AI Agents
Authentication Type: No Authentication Description: AI-powered analysis and processing tools including vision analysis, audio transcription with speaker diarization, and text embeddings generation.
Vision Analysis
AI-powered image and visual content analysis.
Analyze Image
Analyze an image using an AI model to extract insights, descriptions, objects, text, or other details. Provide the image URL and specify which AI model to use.
Operation Type: Query (Read)
Parameters:
- prompt
string(required): Prompt used to analyze the image - imageUrl
string(required): URL of the image to analyze - model
string(required): LLM model to use for image analysis. Options: "gpt-4o-mini", "gpt-4.1", "gpt-4.1-mini", "gpt-4.1-nano", "gemini-2.5-flash-preview-05-20"
Returns:
- result
string: The AI-generated analysis of the image
Example Usage:
{
"prompt": "Analyze this product image and describe its features, condition, and potential market value. Include details about materials, design elements, and any visible wear or damage.",
"imageUrl": "https://example.com/images/vintage-watch.jpg",
"model": "gpt-4o-mini"
}
Audio Transcription
Transcribe audio files with speaker diarization using OpenAI Whisper.

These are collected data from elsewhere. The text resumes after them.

(* Let $M,N$ be $\mathtt{dBang}$ terms with $M\to_S N$ (one surface step). Then for every resource term $m\sqsubset M$, either $m$ reduces to $\emptyset$ in one surface resource step, or there is a resource term $n\sqsubset N$ such that $m$ reduces to $n$ in one surface resource step.
   Context: \textbf{dBang.} Terms: $M,N ::= x \mid \lambda x.M \mid MN \mid M[N/x] \mid\ !M \mid \mathrm{der}\,M$ ($M[N/x]$ explicit substitution binding $x$); $M\{N/x\}$ capture-avoiding substitution. List contexts $L ::= \square\mid L[N/x]$. Root rules: $L\langle\lambda x.M\rangle N \mapsto L\langle M[N/x]\rangle$; $M[L\langle !N\rangle/x]\mapsto L\langle M\{N/x\}\rangle$; $\mathrm{der}(L\langle !N\rangle)\mapsto L\langle N\rangle$. Surface contexts: $S ::= \square\mid\lambda x.S\mid SM\mid MS\mid S[M/x]\mid M[S/x]\mid\mathrm{der}\,S$ (hole not under $!$); $\to_S$ is the closure of the root rules under surface contexts. \textbf{Resources.} Resource terms: $m,n ::= x\mid\lambda x.m\mid mn\mid m[n/x]\mid\mathrm{der}\,m\mid[m_1,\dots,m_k]$ ($k\ge0$ multisets). Resource list contexts $l::=\square\mid l[n/x]$. Root resource rules (target a resource term or the zero symbol $\emptyset$): $\mathrm{der}(l\langle[m]\rangle)\to l\langle m\rangle$; $\mathrm{der}(l\langle[m_1,\dots,m_k]\rangle)\to\emptyset$ if $k\ne1$; $l\langle\lambda x.m\rangle n\to l\langle m[n/x]\rangle$; $m[l\langle[n_1,\dots,n_k]\rangle/x]\to l\langle m\{n_{\sigma(1)}/x_1,\dots,n_{\sigma(k)}/x_k\}\rangle$ for every permutation $\sigma$ when $x_1,\dots,x_k$ are exactly the $k$ free occurrences of $x$ in $m$, and $\to\emptyset$ when the number of free occurrences of $x$ in $m$ differs from $k$. Surface resource reduction is the closure under resource surface contexts $s::=\square\mid\lambda x.s\mid s n\mid m s\mid s[n/x]\mid m[s/x]\mid\mathrm{der}\,s$ (not inside bags), a term reducing to $\emptyset$ whenever a subterm in surface position does. \textbf{Approximation.} $x\sqsubset x$; $\lambda x.m\sqsubset\lambda x.M$ if $m\sqsubset M$; $mn\sqsubset MN$ and $m[n/x]\sqsubset M[N/x]$ if $m\sqsubset M,n\sqsubset N$; $\mathrm{der}\,m\sqsubset\mathrm{der}\,M$ if $m\sqsubset M$; $[m_1,\dots,m_k]\sqsubset\ !M$ for any $k\ge0$ if every $m_i\sqsubset M$. *)

theory Defs
  imports Main "HOL-Library.Multiset"
begin

text \<open>Both \<open>Lam t\<close> and the explicit
substitution \<open>ES t u\<close> (= t[u/x]) bind index 0 in \<open>t\<close>; in \<open>ES t u\<close>
the argument \<open>u\<close> is not under the binder.\<close>

datatype dterm = Var nat | Lam dterm | App dterm dterm | ES dterm dterm
  | Bang dterm | Der dterm

primrec lift :: "nat \<Rightarrow> nat \<Rightarrow> dterm \<Rightarrow> dterm" where
  "lift c n (Var i) = (if i < c then Var i else Var (i + n))"
| "lift c n (Lam t) = Lam (lift (Suc c) n t)"
| "lift c n (App t u) = App (lift c n t) (lift c n u)"
| "lift c n (ES t u) = ES (lift (Suc c) n t) (lift c n u)"
| "lift c n (Bang t) = Bang (lift c n t)"
| "lift c n (Der t) = Der (lift c n t)"

primrec subst :: "dterm \<Rightarrow> nat \<Rightarrow> dterm \<Rightarrow> dterm" where
  "subst (Var i) k s = (if i < k then Var i else if i = k then s else Var (i - 1))"
| "subst (Lam t) k s = Lam (subst t (Suc k) (lift 0 1 s))"
| "subst (App t u) k s = App (subst t k s) (subst u k s)"
| "subst (ES t u) k s = ES (subst t (Suc k) (lift 0 1 s)) (subst u k s)"
| "subst (Bang t) k s = Bang (subst t k s)"
| "subst (Der t) k s = Der (subst t k s)"

text \<open>List contexts \<open>L = \<box>[N1/x1]...[Nj/xj]\<close> are represented by the list
\<open>[N1,...,Nj]\<close>; the hole lies under \<open>length L\<close> binders.\<close>
definition plug :: "dterm list \<Rightarrow> dterm \<Rightarrow> dterm" where
  "plug L t = foldl ES t L"

inductive root :: "dterm \<Rightarrow> dterm \<Rightarrow> bool" where
  dB: "root (App (plug L (Lam M)) N) (plug L (ES M (lift 0 (length L) N)))"
| sbang: "root (ES M (plug L (Bang N))) (plug L (subst (lift 1 (length L) M) 0 N))"
| dbang: "root (Der (plug L (Bang N))) (plug L N)"

inductive sstep :: "dterm \<Rightarrow> dterm \<Rightarrow> bool" where
  s_root: "root M N \<Longrightarrow> sstep M N"
| s_lam: "sstep M N \<Longrightarrow> sstep (Lam M) (Lam N)"
| s_appL: "sstep M N \<Longrightarrow> sstep (App M P) (App N P)"
| s_appR: "sstep M N \<Longrightarrow> sstep (App P M) (App P N)"
| s_esL: "sstep M N \<Longrightarrow> sstep (ES M P) (ES N P)"
| s_esR: "sstep M N \<Longrightarrow> sstep (ES P M) (ES P N)"
| s_der: "sstep M N \<Longrightarrow> sstep (Der M) (Der N)"

datatype rterm = RVar nat | RLam rterm | RApp rterm rterm | RES rterm rterm
  | RDer rterm | RBag "rterm multiset"

primrec rlift :: "nat \<Rightarrow> nat \<Rightarrow> rterm \<Rightarrow> rterm" where
  "rlift c n (RVar i) = (if i < c then RVar i else RVar (i + n))"
| "rlift c n (RLam t) = RLam (rlift (Suc c) n t)"
| "rlift c n (RApp t u) = RApp (rlift c n t) (rlift c n u)"
| "rlift c n (RES t u) = RES (rlift (Suc c) n t) (rlift c n u)"
| "rlift c n (RDer t) = RDer (rlift c n t)"
| "rlift c n (RBag B) = RBag (image_mset (rlift c n) B)"

primrec occ :: "nat \<Rightarrow> rterm \<Rightarrow> nat" where
  "occ k (RVar i) = (if i = k then 1 else 0)"
| "occ k (RLam t) = occ (Suc k) t"
| "occ k (RApp t u) = occ k t + occ k u"
| "occ k (RES t u) = occ (Suc k) t + occ k u"
| "occ k (RDer t) = occ k t"
| "occ k (RBag B) = sum_mset (image_mset (occ k) B)"

text \<open>Linear substitution: \<open>lsub t k B r\<close> holds iff \<open>r\<close> is obtained from \<open>t\<close>
by replacing its free occurrences of index \<open>k\<close> bijectively by the elements of
the multiset \<open>B\<close> (any distribution, i.e. any permutation \<sigma>), decrementing
indices above \<open>k\<close>. It holds only when the occurrences match \<open>size B\<close>.\<close>
inductive lsub :: "rterm \<Rightarrow> nat \<Rightarrow> rterm multiset \<Rightarrow> rterm \<Rightarrow> bool"
  and lsubs :: "rterm multiset \<Rightarrow> nat \<Rightarrow> rterm multiset \<Rightarrow> rterm multiset \<Rightarrow> bool" where
  l_hit: "lsub (RVar k) k {#s#} s"
| l_lt: "i < k \<Longrightarrow> lsub (RVar i) k {#} (RVar i)"
| l_gt: "i > k \<Longrightarrow> lsub (RVar i) k {#} (RVar (i - 1))"
| l_lam: "lsub t (Suc k) (image_mset (rlift 0 1) B) r \<Longrightarrow> lsub (RLam t) k B (RLam r)"
| l_app: "lsub t k B1 r1 \<Longrightarrow> lsub u k B2 r2 \<Longrightarrow> lsub (RApp t u) k (B1 + B2) (RApp r1 r2)"
| l_es: "lsub t (Suc k) (image_mset (rlift 0 1) B1) r1 \<Longrightarrow> lsub u k B2 r2 \<Longrightarrow>
         lsub (RES t u) k (B1 + B2) (RES r1 r2)"
| l_der: "lsub t k B r \<Longrightarrow> lsub (RDer t) k B (RDer r)"
| l_bag: "lsubs T k B R \<Longrightarrow> lsub (RBag T) k B (RBag R)"
| ls_empty: "lsubs {#} k {#} {#}"
| ls_add: "lsubs T k B1 R \<Longrightarrow> lsub t k B2 r \<Longrightarrow> lsubs (add_mset t T) k (B1 + B2) (add_mset r R)"

definition rplug :: "rterm list \<Rightarrow> rterm \<Rightarrow> rterm" where
  "rplug l t = foldl RES t l"

inductive rroot :: "rterm \<Rightarrow> rterm \<Rightarrow> bool" where
  r_der: "rroot (RDer (rplug l (RBag {#m#}))) (rplug l m)"
| r_dB: "rroot (RApp (rplug l (RLam m)) n) (rplug l (RES m (rlift 0 (length l) n)))"
| r_sub: "occ 0 m = size B \<Longrightarrow> lsub (rlift 1 (length l) m) 0 B r \<Longrightarrow>
          rroot (RES m (rplug l (RBag B))) (rplug l r)"

inductive rroot_zero :: "rterm \<Rightarrow> bool" where
  z_der: "size B \<noteq> 1 \<Longrightarrow> rroot_zero (RDer (rplug l (RBag B)))"
| z_sub: "occ 0 m \<noteq> size B \<Longrightarrow> rroot_zero (RES m (rplug l (RBag B)))"

inductive rstep :: "rterm \<Rightarrow> rterm \<Rightarrow> bool" where
  rs_root: "rroot m n \<Longrightarrow> rstep m n"
| rs_lam: "rstep m n \<Longrightarrow> rstep (RLam m) (RLam n)"
| rs_appL: "rstep m n \<Longrightarrow> rstep (RApp m p) (RApp n p)"
| rs_appR: "rstep m n \<Longrightarrow> rstep (RApp p m) (RApp p n)"
| rs_esL: "rstep m n \<Longrightarrow> rstep (RES m p) (RES n p)"
| rs_esR: "rstep m n \<Longrightarrow> rstep (RES p m) (RES p n)"
| rs_der: "rstep m n \<Longrightarrow> rstep (RDer m) (RDer n)"

text \<open>Surface resource reduction to \<open>\<emptyset>\<close>.\<close>
inductive rzero :: "rterm \<Rightarrow> bool" where
  rz_root: "rroot_zero m \<Longrightarrow> rzero m"
| rz_lam: "rzero m \<Longrightarrow> rzero (RLam m)"
| rz_appL: "rzero m \<Longrightarrow> rzero (RApp m p)"
| rz_appR: "rzero m \<Longrightarrow> rzero (RApp p m)"
| rz_esL: "rzero m \<Longrightarrow> rzero (RES m p)"
| rz_esR: "rzero m \<Longrightarrow> rzero (RES p m)"
| rz_der: "rzero m \<Longrightarrow> rzero (RDer m)"

inductive approx :: "rterm \<Rightarrow> dterm \<Rightarrow> bool" where
  a_var: "approx (RVar x) (Var x)"
| a_lam: "approx m M \<Longrightarrow> approx (RLam m) (Lam M)"
| a_app: "approx m M \<Longrightarrow> approx n N \<Longrightarrow> approx (RApp m n) (App M N)"
| a_es: "approx m M \<Longrightarrow> approx n N \<Longrightarrow> approx (RES m n) (ES M N)"
| a_der: "approx m M \<Longrightarrow> approx (RDer m) (Der M)"
| a_bag: "(\<And>m. m \<in># B \<Longrightarrow> approx m M) \<Longrightarrow> approx (RBag B) (Bang M)"

end

theory Submission
  imports Defs
begin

Transcribe with Speaker Diarization
Transcribe audio from a URL and identify different speakers in the conversation. Returns timestamped segments with speaker labels.
Operation Type: Query (Read)
Parameters:
- audioUrl
string(required): URL to the audio file to transcribe - language
string(nullable): Language of the audio (ISO-639-1 format, e.g., "en", "es") - prompt
string(nullable): Optional text to guide the model's style or continue a previous audio segment
Returns:
- segments
array of objects: Array of transcribed segments with speaker diarization- id
string: Segment ID - start
number: Start timestamp in seconds - end
number: End timestamp in seconds - text
string: Transcribed text for this segment - speaker
string(nullable): Speaker identifier (e.g., "SPEAKER_00", "SPEAKER_01")
- id
- language
string(nullable): Detected language of the audio - duration
number(nullable): Duration of the audio in seconds - text
string(nullable): Full transcribed text
Example Usage:
{
"audioUrl": "https://example.com/recordings/meeting-2024-01-15.mp3",
"language": "en",
"prompt": "This is a business meeting discussing quarterly sales targets"
}
Text Embeddings
Generate vector embeddings from text using OpenAI models for semantic search, RAG, or similarity comparisons.
Generate Embeddings
Generate vector embeddings from text for semantic search, RAG, or similarity comparisons.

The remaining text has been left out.